Start of Data for this task
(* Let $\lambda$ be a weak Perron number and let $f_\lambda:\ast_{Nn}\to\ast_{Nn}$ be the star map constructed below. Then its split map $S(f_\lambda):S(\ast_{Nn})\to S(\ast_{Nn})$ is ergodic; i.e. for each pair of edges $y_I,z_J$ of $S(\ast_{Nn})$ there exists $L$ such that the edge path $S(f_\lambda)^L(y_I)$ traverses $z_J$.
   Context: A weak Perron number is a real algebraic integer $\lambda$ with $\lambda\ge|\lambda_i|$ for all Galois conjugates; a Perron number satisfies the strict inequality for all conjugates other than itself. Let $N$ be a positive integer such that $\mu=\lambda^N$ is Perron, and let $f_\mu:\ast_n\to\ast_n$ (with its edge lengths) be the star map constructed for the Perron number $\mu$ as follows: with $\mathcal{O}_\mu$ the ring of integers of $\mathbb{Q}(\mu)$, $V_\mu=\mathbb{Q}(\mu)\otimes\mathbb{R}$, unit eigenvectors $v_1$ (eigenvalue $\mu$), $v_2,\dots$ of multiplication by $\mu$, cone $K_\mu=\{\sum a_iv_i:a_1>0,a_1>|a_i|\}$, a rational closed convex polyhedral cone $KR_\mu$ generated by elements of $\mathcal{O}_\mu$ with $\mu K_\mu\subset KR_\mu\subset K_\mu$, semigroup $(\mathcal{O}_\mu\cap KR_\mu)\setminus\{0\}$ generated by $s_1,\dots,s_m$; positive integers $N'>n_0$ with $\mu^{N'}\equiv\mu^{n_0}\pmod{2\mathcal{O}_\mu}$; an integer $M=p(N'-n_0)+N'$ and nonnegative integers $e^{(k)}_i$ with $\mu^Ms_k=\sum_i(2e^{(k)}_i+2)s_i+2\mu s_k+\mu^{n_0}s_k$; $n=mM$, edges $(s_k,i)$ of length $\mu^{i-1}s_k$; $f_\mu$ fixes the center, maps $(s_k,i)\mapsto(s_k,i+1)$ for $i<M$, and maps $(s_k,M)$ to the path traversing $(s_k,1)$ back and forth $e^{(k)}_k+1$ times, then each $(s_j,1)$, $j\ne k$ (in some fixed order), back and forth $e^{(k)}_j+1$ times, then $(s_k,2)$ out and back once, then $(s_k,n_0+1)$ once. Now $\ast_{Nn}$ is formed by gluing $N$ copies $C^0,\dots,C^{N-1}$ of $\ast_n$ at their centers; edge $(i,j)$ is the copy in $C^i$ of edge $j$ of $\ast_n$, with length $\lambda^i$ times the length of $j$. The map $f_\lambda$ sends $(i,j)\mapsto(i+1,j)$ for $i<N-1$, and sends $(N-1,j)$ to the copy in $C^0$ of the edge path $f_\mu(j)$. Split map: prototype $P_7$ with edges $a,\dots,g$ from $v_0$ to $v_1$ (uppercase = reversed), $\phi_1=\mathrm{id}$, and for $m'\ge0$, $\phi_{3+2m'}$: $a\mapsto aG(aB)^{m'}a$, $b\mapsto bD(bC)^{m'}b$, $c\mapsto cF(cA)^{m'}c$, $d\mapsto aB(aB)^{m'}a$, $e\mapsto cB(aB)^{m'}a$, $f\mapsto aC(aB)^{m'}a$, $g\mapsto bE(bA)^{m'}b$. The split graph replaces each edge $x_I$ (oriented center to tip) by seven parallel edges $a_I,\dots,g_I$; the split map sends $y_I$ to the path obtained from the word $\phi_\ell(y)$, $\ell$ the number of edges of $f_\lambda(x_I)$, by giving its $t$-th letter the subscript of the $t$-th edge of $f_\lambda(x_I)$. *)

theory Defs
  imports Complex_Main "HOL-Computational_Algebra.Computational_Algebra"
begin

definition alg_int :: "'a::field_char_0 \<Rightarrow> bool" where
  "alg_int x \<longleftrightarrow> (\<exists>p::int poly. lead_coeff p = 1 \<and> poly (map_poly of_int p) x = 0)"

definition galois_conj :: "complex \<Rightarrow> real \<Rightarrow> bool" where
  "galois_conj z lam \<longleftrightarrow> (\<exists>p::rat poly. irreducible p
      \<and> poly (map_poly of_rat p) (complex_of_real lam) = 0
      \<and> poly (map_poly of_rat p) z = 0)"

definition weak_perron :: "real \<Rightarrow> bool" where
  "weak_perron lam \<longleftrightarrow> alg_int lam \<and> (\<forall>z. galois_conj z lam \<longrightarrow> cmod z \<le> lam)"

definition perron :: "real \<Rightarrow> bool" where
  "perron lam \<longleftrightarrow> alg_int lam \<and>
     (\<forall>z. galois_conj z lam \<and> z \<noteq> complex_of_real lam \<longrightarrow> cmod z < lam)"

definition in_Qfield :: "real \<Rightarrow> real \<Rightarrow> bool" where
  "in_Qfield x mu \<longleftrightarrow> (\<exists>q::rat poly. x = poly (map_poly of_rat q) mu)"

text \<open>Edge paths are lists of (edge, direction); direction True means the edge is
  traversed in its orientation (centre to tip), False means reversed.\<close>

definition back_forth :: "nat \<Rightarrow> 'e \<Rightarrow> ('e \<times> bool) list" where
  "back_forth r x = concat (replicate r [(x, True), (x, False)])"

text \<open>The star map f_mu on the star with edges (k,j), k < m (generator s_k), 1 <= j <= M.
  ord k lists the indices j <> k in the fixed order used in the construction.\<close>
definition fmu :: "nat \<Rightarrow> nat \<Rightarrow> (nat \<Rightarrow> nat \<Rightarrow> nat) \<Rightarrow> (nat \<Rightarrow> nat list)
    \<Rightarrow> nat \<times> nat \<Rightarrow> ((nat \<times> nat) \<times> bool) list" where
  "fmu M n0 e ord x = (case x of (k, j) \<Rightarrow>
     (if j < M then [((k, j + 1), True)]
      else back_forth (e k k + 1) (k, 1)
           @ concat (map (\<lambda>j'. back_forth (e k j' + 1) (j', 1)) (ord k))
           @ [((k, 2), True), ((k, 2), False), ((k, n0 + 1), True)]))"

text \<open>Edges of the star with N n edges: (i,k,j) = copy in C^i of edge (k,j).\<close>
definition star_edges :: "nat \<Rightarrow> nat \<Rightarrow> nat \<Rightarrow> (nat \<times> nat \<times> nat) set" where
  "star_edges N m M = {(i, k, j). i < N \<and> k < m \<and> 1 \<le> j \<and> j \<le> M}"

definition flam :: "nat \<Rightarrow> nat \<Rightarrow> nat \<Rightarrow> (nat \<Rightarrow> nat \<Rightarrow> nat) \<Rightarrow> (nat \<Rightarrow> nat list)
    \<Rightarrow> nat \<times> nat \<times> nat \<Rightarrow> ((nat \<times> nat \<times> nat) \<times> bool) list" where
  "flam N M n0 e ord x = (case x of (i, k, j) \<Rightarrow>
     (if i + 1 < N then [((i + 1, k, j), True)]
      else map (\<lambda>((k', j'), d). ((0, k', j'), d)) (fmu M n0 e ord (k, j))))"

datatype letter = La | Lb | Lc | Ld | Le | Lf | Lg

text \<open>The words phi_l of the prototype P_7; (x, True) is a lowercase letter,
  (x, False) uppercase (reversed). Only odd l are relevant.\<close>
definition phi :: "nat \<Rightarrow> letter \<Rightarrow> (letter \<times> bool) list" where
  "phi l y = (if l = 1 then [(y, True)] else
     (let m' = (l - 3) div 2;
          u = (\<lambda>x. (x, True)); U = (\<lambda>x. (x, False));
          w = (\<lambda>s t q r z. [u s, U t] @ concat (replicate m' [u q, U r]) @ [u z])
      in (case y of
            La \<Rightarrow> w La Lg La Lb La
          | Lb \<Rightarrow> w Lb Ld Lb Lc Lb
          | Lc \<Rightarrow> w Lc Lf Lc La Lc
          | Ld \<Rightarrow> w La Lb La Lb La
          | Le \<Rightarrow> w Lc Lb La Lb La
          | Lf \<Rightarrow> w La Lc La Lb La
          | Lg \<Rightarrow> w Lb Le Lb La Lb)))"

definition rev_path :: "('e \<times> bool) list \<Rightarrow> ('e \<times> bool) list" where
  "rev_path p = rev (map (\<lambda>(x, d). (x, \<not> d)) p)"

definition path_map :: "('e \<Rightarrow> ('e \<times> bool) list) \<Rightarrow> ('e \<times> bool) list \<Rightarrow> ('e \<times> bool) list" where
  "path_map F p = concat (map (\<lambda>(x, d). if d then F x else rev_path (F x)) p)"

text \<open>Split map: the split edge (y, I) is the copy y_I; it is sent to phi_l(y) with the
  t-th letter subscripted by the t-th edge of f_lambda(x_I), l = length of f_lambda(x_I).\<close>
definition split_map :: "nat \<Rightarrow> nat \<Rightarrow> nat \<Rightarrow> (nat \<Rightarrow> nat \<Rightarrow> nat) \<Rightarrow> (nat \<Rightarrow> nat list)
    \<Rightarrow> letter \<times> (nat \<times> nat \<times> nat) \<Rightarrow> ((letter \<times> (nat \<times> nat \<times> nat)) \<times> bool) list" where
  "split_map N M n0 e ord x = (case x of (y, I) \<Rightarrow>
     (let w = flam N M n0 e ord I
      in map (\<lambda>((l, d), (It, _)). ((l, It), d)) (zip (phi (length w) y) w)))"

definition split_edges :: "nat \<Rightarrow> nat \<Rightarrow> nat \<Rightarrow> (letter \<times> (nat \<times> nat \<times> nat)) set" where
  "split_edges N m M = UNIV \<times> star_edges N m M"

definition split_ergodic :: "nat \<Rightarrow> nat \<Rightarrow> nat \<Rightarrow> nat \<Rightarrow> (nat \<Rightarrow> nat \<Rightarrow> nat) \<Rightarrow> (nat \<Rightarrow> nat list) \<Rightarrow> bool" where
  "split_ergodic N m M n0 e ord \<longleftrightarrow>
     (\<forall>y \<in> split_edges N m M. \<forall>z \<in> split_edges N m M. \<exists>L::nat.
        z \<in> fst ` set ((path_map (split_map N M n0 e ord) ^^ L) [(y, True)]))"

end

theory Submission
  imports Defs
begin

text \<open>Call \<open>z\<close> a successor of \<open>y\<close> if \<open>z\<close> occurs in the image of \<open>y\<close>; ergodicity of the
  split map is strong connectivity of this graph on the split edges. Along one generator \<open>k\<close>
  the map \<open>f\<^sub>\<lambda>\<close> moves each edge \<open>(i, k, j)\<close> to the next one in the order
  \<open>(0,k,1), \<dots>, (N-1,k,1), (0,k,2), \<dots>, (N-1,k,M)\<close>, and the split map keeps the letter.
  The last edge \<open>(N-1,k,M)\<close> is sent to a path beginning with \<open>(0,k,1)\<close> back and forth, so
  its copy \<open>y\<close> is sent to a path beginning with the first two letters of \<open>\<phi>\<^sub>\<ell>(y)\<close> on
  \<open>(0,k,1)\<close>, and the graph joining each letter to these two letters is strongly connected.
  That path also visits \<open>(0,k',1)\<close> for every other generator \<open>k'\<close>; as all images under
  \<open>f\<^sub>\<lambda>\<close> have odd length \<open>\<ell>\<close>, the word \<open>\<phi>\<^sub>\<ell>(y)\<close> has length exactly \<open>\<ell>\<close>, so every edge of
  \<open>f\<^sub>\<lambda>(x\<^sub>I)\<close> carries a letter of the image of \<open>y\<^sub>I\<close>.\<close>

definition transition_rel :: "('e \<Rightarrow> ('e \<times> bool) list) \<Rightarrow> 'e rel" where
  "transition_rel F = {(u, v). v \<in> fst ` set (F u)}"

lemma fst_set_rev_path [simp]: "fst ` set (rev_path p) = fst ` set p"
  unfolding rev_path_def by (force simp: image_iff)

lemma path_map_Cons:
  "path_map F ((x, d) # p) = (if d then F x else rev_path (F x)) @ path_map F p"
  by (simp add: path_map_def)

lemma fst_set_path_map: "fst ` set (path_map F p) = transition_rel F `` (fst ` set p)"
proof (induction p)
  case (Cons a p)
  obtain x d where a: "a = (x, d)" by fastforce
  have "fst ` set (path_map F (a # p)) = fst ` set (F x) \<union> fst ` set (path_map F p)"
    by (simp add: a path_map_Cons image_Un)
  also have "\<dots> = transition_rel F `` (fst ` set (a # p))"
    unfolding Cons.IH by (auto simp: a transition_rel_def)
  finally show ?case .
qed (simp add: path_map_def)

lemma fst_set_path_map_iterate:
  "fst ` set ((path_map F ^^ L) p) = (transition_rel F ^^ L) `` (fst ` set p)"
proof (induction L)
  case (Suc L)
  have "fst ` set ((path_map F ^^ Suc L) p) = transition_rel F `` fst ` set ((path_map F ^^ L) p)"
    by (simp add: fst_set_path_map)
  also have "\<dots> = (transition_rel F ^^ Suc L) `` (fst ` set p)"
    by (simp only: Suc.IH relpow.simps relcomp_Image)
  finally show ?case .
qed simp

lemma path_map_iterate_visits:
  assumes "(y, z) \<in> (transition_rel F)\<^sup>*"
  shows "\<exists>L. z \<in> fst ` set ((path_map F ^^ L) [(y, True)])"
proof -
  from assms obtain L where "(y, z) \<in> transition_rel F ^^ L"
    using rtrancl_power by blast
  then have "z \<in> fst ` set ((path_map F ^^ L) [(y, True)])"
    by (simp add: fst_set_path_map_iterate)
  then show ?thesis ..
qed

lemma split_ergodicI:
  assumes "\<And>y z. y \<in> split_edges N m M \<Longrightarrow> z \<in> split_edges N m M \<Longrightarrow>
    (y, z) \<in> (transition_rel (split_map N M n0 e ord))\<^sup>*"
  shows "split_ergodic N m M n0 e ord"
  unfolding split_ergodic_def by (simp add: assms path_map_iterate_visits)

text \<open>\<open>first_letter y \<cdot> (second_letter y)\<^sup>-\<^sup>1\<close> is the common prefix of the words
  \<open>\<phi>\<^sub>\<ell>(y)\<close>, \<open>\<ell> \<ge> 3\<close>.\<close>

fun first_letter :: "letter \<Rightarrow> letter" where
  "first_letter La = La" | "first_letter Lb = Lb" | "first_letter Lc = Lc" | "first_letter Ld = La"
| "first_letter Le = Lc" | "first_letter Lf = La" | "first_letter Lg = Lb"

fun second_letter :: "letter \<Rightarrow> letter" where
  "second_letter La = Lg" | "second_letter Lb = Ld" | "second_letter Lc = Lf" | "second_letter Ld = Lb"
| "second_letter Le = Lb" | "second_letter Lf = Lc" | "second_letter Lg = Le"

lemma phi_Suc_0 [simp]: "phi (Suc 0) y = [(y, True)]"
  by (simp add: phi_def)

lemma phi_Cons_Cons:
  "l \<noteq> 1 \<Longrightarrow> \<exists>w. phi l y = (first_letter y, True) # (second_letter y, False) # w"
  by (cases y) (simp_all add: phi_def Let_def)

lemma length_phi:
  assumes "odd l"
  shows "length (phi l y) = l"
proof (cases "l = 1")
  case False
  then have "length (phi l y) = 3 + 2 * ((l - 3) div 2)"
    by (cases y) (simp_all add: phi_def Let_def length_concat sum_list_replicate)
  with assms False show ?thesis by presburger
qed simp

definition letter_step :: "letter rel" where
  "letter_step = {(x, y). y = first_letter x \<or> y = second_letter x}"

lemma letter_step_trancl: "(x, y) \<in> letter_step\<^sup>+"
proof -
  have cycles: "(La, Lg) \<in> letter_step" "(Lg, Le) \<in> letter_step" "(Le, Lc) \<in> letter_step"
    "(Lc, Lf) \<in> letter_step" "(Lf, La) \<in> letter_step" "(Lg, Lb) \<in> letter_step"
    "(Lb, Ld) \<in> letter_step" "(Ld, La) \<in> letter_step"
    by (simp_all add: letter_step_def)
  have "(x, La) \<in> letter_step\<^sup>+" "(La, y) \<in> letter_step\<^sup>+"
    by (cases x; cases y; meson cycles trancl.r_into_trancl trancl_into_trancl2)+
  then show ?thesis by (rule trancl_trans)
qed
End of Data for this task
**Your goal**
Reproduce only the lines above, starting at the line with "list) \<Rightarrow> ('e" and ending at the line with "the map \<open>f\<^sub>\<lambda>\<close>", exactly as written.

**Reply**
definition path_map :: "('e \<Rightarrow> ('e \<times> bool) list) \<Rightarrow> ('e \<times> bool) list \<Rightarrow> ('e \<times> bool) list" where
  "path_map F p = concat (map (\<lambda>(x, d). if d then F x else rev_path (F x)) p)"

text \<open>Split map: the split edge (y, I) is the copy y_I; it is sent to phi_l(y) with the
  t-th letter subscripted by the t-th edge of f_lambda(x_I), l = length of f_lambda(x_I).\<close>
definition split_map :: "nat \<Rightarrow> nat \<Rightarrow> nat \<Rightarrow> (nat \<Rightarrow> nat \<Rightarrow> nat) \<Rightarrow> (nat \<Rightarrow> nat list)
    \<Rightarrow> letter \<times> (nat \<times> nat \<times> nat) \<Rightarrow> ((letter \<times> (nat \<times> nat \<times> nat)) \<times> bool) list" where
  "split_map N M n0 e ord x = (case x of (y, I) \<Rightarrow>
     (let w = flam N M n0 e ord I
      in map (\<lambda>((l, d), (It, _)). ((l, It), d)) (zip (phi (length w) y) w)))"

definition split_edges :: "nat \<Rightarrow> nat \<Rightarrow> nat \<Rightarrow> (letter \<times> (nat \<times> nat \<times> nat)) set" where
  "split_edges N m M = UNIV \<times> star_edges N m M"

definition split_ergodic :: "nat \<Rightarrow> nat \<Rightarrow> nat \<Rightarrow> nat \<Rightarrow> (nat \<Rightarrow> nat \<Rightarrow> nat) \<Rightarrow> (nat \<Rightarrow> nat list) \<Rightarrow> bool" where
  "split_ergodic N m M n0 e ord \<longleftrightarrow>
     (\<forall>y \<in> split_edges N m M. \<forall>z \<in> split_edges N m M. \<exists>L::nat.
        z \<in> fst ` set ((path_map (split_map N M n0 e ord) ^^ L) [(y, True)]))"

end

theory Submission
  imports Defs
begin

text \<open>Call \<open>z\<close> a successor of \<open>y\<close> if \<open>z\<close> occurs in the image of \<open>y\<close>; ergodicity of the
  split map is strong connectivity of this graph on the split edges. Along one generator \<open>k\<close>
  the map \<open>f\<^sub>\<lambda>\<close> moves each edge \<open>(i, k, j)\<close> to the next one in the order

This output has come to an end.